Claims data can be categorized based on the type of insurance:
1. **Medicare Claims Data**:
   - **Part A**: Covers inpatient hospital visits, nursing facilities, and hospice care.
   - **Part B**: Covers outpatient services, physician services, and ambulance visits.
   - **Part C (Medicare Advantage)**: A specialized capitation plan that supplements Medicare coverage.
   - **Part D**: Covers prescription drugs.
   
2. **Commercial or Private Insurance Claims Data**:
   - Similar to Medicare claims, these include:
     - **Inpatient Claims**: Covers hospital stays, nursing home visits, and hospice care.
     - **Outpatient Claims**: Covers ambulatory visits, outpatient centers, and facility fees.
     - **Professional Claims**: Covers fees for doctors and other healthcare professionals.
     - **Pharmacy Claims**: Covers prescription drugs.

### Information Captured in Claims Data
Claims data contains various structured information, including:
- **Member Information**: Details about the patient (name, insurance ID, etc.).
- **Date and Place of Service**: When and where the service was provided.
- **Diagnosis Codes**: ICD codes representing the patient’s diagnosis.
- **Procedure Codes**: HCPCS/CPT codes representing the medical procedures performed.
- **Drug Information**: Documented using NDC (National Drug Code).
- **Financial Information**: Details of charges, payments, and expenditures.

### Properties of Claims Data

#### Pros:
- **Large Volume**: Claims data is extensive, with a large amount of data available for analysis.
- **Holistic View**: Provides a comprehensive view of all patient interactions with healthcare providers during the covered period.
- **Medication Compliance**: Helps track whether patients fill their prescriptions, which can indicate medication adherence.

#### Cons:
- **Coding Errors**: Since claims data is primarily for billing purposes, coding inaccuracies can occur.
- **Not Clinical Documentation**: The data may not reflect the full clinical picture of the patient, as its primary purpose is to facilitate payment, not clinical care.
- **Time Lags**: Claims data can have delays of weeks or even months before it is fully processed, limiting its use for real-time decision-making.
- **Temporal Limitations**: If patients change insurance plans, tracking them over long periods becomes challenging. Claims data only covers the period the patient was with a specific insurer, resulting in potential gaps in the longitudinal view of a patient’s healthcare history.

### Comparison: Claims Data vs. EHR Data

- **Scope of Data**: Claims data captures all transactions between patients and providers, offering a broad view of patient interactions. In contrast, EHR data captures only the care provided by specific providers and is often siloed within individual hospitals.
  
- **Medication Data**:
  - **Claims Data**: Shows that a prescription was filled, indicating that the patient likely received the medication, but it doesn’t confirm if the medication was taken.
  - **EHR Data**: Records prescriptions but doesn’t show if they were filled or taken.

- **Data Richness**:
  - **Claims Data**: Contains structured codes (e.g., diagnosis, procedure, and drug codes), offering limited detail.
  - **EHR Data**: Richer in content, including clinical notes, lab results, vital signs, problem lists, social history, and medical images, providing a more comprehensive view of the patient's health.

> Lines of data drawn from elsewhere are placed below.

(* Assume the standing setting below. Let $I$ be a set independent in both $M$ and $N$ which is dually safe, let $W:=W(M/I,N/I)$ and let $B\in B(M/I,N/I,W)$. Then $I\cup B$ is a nice feasible set which is dually safe.
   Context: Standing setting: $E$ is countable, $M$ is a finitary matroid on $E$ (all circuits finite), $N$ is a matroid on $E$ that is a direct sum of a finitary and a cofinitary matroid (cofinitary = dual is finitary). $E_0$ is the union of the finitary components of $N$ (components = connected components of the circuit hypergraph) and $E_1:=E\setminus E_0$; for $F\subseteq E$, $F^j:=F\cap E_j$. $\mathring{\mathsf{span}}_M(F):=\mathsf{span}_M(F)\setminus F$. $F$ is dually safe if $F^1\subseteq\mathsf{span}_{N^*}(\mathring{\mathsf{span}}_M(F))$. Matroids are possibly infinite; $M/X:=(M^*\upharpoonright(E\setminus X))^*$, $M.X:=M/(E\setminus X)$; $r(K)=0$ means $\varnothing$ is a base of $K$. $W$ is an $(M,N)$-wave if $M\upharpoonright W$ has a base independent in $N.W$; the union of all waves is a wave, $W(M,N)$. $B(M,N,X)$ is the set of common bases of $M\upharpoonright X$ and $N.X$. $\mathsf{cond}(M,N)$: for every wave $W$, $N.W$ has an $M$-independent base; $\mathsf{cond}^+(M,N)$: $W(M,N)$ consists of $M$-loops and $r(N.W(M,N))=0$. A set $I$ independent in $M$ and $N$ is feasible if $\mathsf{cond}(M/I,N/I)$, nice feasible if moreover $\mathsf{cond}^+(M/I,N/I)$. *)

theory Defs
  imports Main "HOL-Library.Countable_Set"
begin

text \<open>A (possibly infinite) matroid is represented by its ground set and its
independence predicate. The matroid axioms are those of Bruhn et al.
(I1)-(I3) together with (IM).\<close>

type_synonym 'a matroid = "'a set \<times> ('a set \<Rightarrow> bool)"

definition ground :: "'a matroid \<Rightarrow> 'a set" where
  "ground M = fst M"

definition indep :: "'a matroid \<Rightarrow> 'a set \<Rightarrow> bool" where
  "indep M I = snd M I"

definition maxl :: "('a set \<Rightarrow> bool) \<Rightarrow> 'a set \<Rightarrow> bool" where
  "maxl P J \<longleftrightarrow> P J \<and> (\<forall>K. P K \<and> J \<subseteq> K \<longrightarrow> K = J)"

definition base :: "'a matroid \<Rightarrow> 'a set \<Rightarrow> bool" where
  "base M B \<longleftrightarrow> maxl (indep M) B"

definition matroid :: "'a matroid \<Rightarrow> bool" where
  "matroid M \<longleftrightarrow>
     (\<forall>I. indep M I \<longrightarrow> I \<subseteq> ground M) \<and>
     indep M {} \<and>
     (\<forall>I J. indep M I \<and> J \<subseteq> I \<longrightarrow> indep M J) \<and>
     (\<forall>I I'. indep M I \<and> \<not> base M I \<and> base M I' \<longrightarrow>
        (\<exists>x \<in> I' - I. indep M (insert x I))) \<and>
     (\<forall>I X. indep M I \<and> I \<subseteq> X \<and> X \<subseteq> ground M \<longrightarrow>
        (\<exists>J. maxl (\<lambda>J. indep M J \<and> I \<subseteq> J \<and> J \<subseteq> X) J))"

definition circuit :: "'a matroid \<Rightarrow> 'a set \<Rightarrow> bool" where
  "circuit M C \<longleftrightarrow> C \<subseteq> ground M \<and> \<not> indep M C \<and> (\<forall>D. D \<subset> C \<longrightarrow> indep M D)"

definition loop :: "'a matroid \<Rightarrow> 'a \<Rightarrow> bool" where
  "loop M e \<longleftrightarrow> circuit M {e}"

definition finitary :: "'a matroid \<Rightarrow> bool" where
  "finitary M \<longleftrightarrow> (\<forall>C. circuit M C \<longrightarrow> finite C)"

definition dual :: "'a matroid \<Rightarrow> 'a matroid" where
  "dual M = (ground M, \<lambda>I. I \<subseteq> ground M \<and> (\<exists>B. base M B \<and> I \<inter> B = {}))"

definition cofinitary :: "'a matroid \<Rightarrow> bool" where
  "cofinitary M \<longleftrightarrow> finitary (dual M)"

definition restrict :: "'a matroid \<Rightarrow> 'a set \<Rightarrow> 'a matroid" where
  "restrict M X = (ground M \<inter> X, \<lambda>I. indep M I \<and> I \<subseteq> X)"

definition contract :: "'a matroid \<Rightarrow> 'a set \<Rightarrow> 'a matroid" where
  "contract M X = dual (restrict (dual M) (ground M - X))"

definition contract_to :: "'a matroid \<Rightarrow> 'a set \<Rightarrow> 'a matroid" where
  "contract_to M X = contract M (ground M - X)"

definition span :: "'a matroid \<Rightarrow> 'a set \<Rightarrow> 'a set" where
  "span M F = F \<union> {e \<in> ground M. \<exists>C. circuit M C \<and> e \<in> C \<and> C \<subseteq> insert e F}"

definition rank_zero :: "'a matroid \<Rightarrow> bool" where
  "rank_zero K \<longleftrightarrow> base K {}"

definition comp_rel :: "'a matroid \<Rightarrow> ('a \<times> 'a) set" where
  "comp_rel M = Id_on (ground M) \<union>
     (({(e, f). \<exists>C. circuit M C \<and> e \<in> C \<and> f \<in> C})\<^sup>+)"

definition components :: "'a matroid \<Rightarrow> 'a set set" where
  "components M = ground M // comp_rel M"

definition E0 :: "'a matroid \<Rightarrow> 'a set" where
  "E0 N = \<Union>{K \<in> components N. finitary (restrict N K)}"

definition E1 :: "'a matroid \<Rightarrow> 'a set" where
  "E1 N = ground N - E0 N"

definition fin_cofin_sum :: "'a matroid \<Rightarrow> bool" where
  "fin_cofin_sum N \<longleftrightarrow> (\<exists>A B. A \<union> B = ground N \<and> A \<inter> B = {} \<and>
     (\<forall>I. I \<subseteq> ground N \<longrightarrow> (indep N I \<longleftrightarrow> indep N (I \<inter> A) \<and> indep N (I \<inter> B))) \<and>
     finitary (restrict N A) \<and> cofinitary (restrict N B))"

definition dually_safe :: "'a matroid \<Rightarrow> 'a matroid \<Rightarrow> 'a set \<Rightarrow> bool" where
  "dually_safe M N F \<longleftrightarrow> F \<inter> E1 N \<subseteq> span (dual N) (span M F - F)"

definition wave :: "'a matroid \<Rightarrow> 'a matroid \<Rightarrow> 'a set \<Rightarrow> bool" where
  "wave M N W \<longleftrightarrow> W \<subseteq> ground M \<and>
     (\<exists>B. base (restrict M W) B \<and> indep (contract_to N W) B)"

definition waveU :: "'a matroid \<Rightarrow> 'a matroid \<Rightarrow> 'a set" where
  "waveU M N = \<Union>{W. wave M N W}"

definition common_bases :: "'a matroid \<Rightarrow> 'a matroid \<Rightarrow> 'a set \<Rightarrow> 'a set set" where
  "common_bases M N X = {B. base (restrict M X) B \<and> base (contract_to N X) B}"

definition cond :: "'a matroid \<Rightarrow> 'a matroid \<Rightarrow> bool" where
  "cond M N \<longleftrightarrow> (\<forall>W. wave M N W \<longrightarrow> (\<exists>B. base (contract_to N W) B \<and> indep M B))"

definition cond_plus :: "'a matroid \<Rightarrow> 'a matroid \<Rightarrow> bool" where
  "cond_plus M N \<longleftrightarrow> (\<forall>e \<in> waveU M N. loop M e) \<and> rank_zero (contract_to N (waveU M N))"

definition feasible :: "'a matroid \<Rightarrow> 'a matroid \<Rightarrow> 'a set \<Rightarrow> bool" where
  "feasible M N I \<longleftrightarrow> indep M I \<and> indep N I \<and> cond (contract M I) (contract N I)"

definition nice_feasible :: "'a matroid \<Rightarrow> 'a matroid \<Rightarrow> 'a set \<Rightarrow> bool" where
  "nice_feasible M N I \<longleftrightarrow> feasible M N I \<and> cond_plus (contract M I) (contract N I)"

end

theory Submission
  imports Defs
begin

text \<open>Write \<open>M' = M/I\<close>, \<open>N' = N/I\<close> and \<open>W\<close> for their largest wave. Contracting further by the
  common base \<open>B\<close> kills the waves: a wave \<open>W'\<close> of \<open>(M'/B, N'/B)\<close> would make \<open>W \<union> W'\<close> a wave of
  \<open>(M', N')\<close>, so \<open>W' \<subseteq> W - B\<close>. On \<open>W - B\<close> every element is an \<open>M'/B\<close>-loop (as \<open>B\<close> spans \<open>W\<close> in
  \<open>M'\<close>) and \<open>N'/B\<close> contracted to any part of \<open>W - B\<close> has rank zero (as \<open>B\<close> is a base of \<open>N'.W\<close>);
  this gives both \<open>cond\<close> and \<open>cond\<^sup>+\<close> for \<open>I \<union> B\<close>. For dual safety, the new elements of \<open>B\<close> are
  handled by fundamental cocircuits of \<open>N\<close>, which only meet \<open>B\<close> and \<open>W - B \<subseteq> span\<^sub>M(I \<union> B)\<close>.\<close>

lemma ground_dual [simp]: "ground (dual M) = ground M"
  by (simp add: dual_def ground_def)

lemma ground_restrict [simp]: "ground (restrict M X) = ground M \<inter> X"
  by (simp add: restrict_def ground_def)

lemma ground_contract [simp]: "ground (contract M X) = ground M - X"
  by (auto simp: contract_def dual_def restrict_def ground_def)

lemma indep_dual: "indep (dual M) D \<longleftrightarrow> D \<subseteq> ground M \<and> (\<exists>B. base M B \<and> D \<inter> B = {})"
  by (simp add: dual_def indep_def ground_def)

lemma indep_restrict: "indep (restrict M X) J \<longleftrightarrow> indep M J \<and> J \<subseteq> X"
  by (simp add: restrict_def indep_def)

lemma base_iff: "base M B \<longleftrightarrow> indep M B \<and> (\<forall>K. indep M K \<and> B \<subseteq> K \<longrightarrow> K = B)"
  by (simp add: base_def maxl_def)

lemma base_restrict_iff:
  "base (restrict M X) B \<longleftrightarrow> indep M B \<and> B \<subseteq> X \<and> (\<forall>K. indep M K \<and> B \<subseteq> K \<and> K \<subseteq> X \<longrightarrow> K = B)"
  by (auto simp: base_iff indep_restrict)

lemma indep_contract:
  "indep (contract M X) J \<longleftrightarrow>
     J \<subseteq> ground M - X \<and> (\<exists>D. base (restrict (dual M) (ground M - X)) D \<and> J \<inter> D = {})"
  by (auto simp: contract_def indep_dual)

lemma matroid_eqI: "ground A = ground B \<Longrightarrow> (\<And>J. indep A J = indep B J) \<Longrightarrow> A = B"
  by (cases A, cases B) (auto simp: ground_def indep_def fun_eq_iff)

lemma matroidD:
  assumes "matroid M"
  shows "\<forall>I. indep M I \<longrightarrow> I \<subseteq> ground M"
    and "indep M {}"
    and "\<forall>I J. indep M I \<and> J \<subseteq> I \<longrightarrow> indep M J"
    and "\<forall>I I'. indep M I \<and> \<not> base M I \<and> base M I' \<longrightarrow> (\<exists>x\<in>I' - I. indep M (insert x I))"
    and "\<forall>I X. indep M I \<and> I \<subseteq> X \<and> X \<subseteq> ground M \<longrightarrow>
           (\<exists>J. maxl (\<lambda>J. indep M J \<and> I \<subseteq> J \<and> J \<subseteq> X) J)"
  using assms unfolding matroid_def by simp_all

lemma indep_subset_ground: "matroid M \<Longrightarrow> indep M I \<Longrightarrow> I \<subseteq> ground M"
  using matroidD(1) by blast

### Continuous Signals Data Overview

Continuous signals data is generated from real-time monitoring devices, particularly in settings like intensive care units (ICUs). These devices continuously monitor a patient’s vital signs and physiological data, generating large volumes of real-time information.

### Types of Continuous Signals Data
Common types of continuous monitoring include:
- **ECG (Electrocardiography)**: Tracks heart activity.
- **Oxygen Saturation**: Monitors blood oxygen levels.
- **Heart Rate**: Tracks the patient’s pulse rate.
- **Blood Pressure**: Measures the patient’s blood pressure over time.
- **EEG (Electroencephalography)**: Tracks brain wave activity.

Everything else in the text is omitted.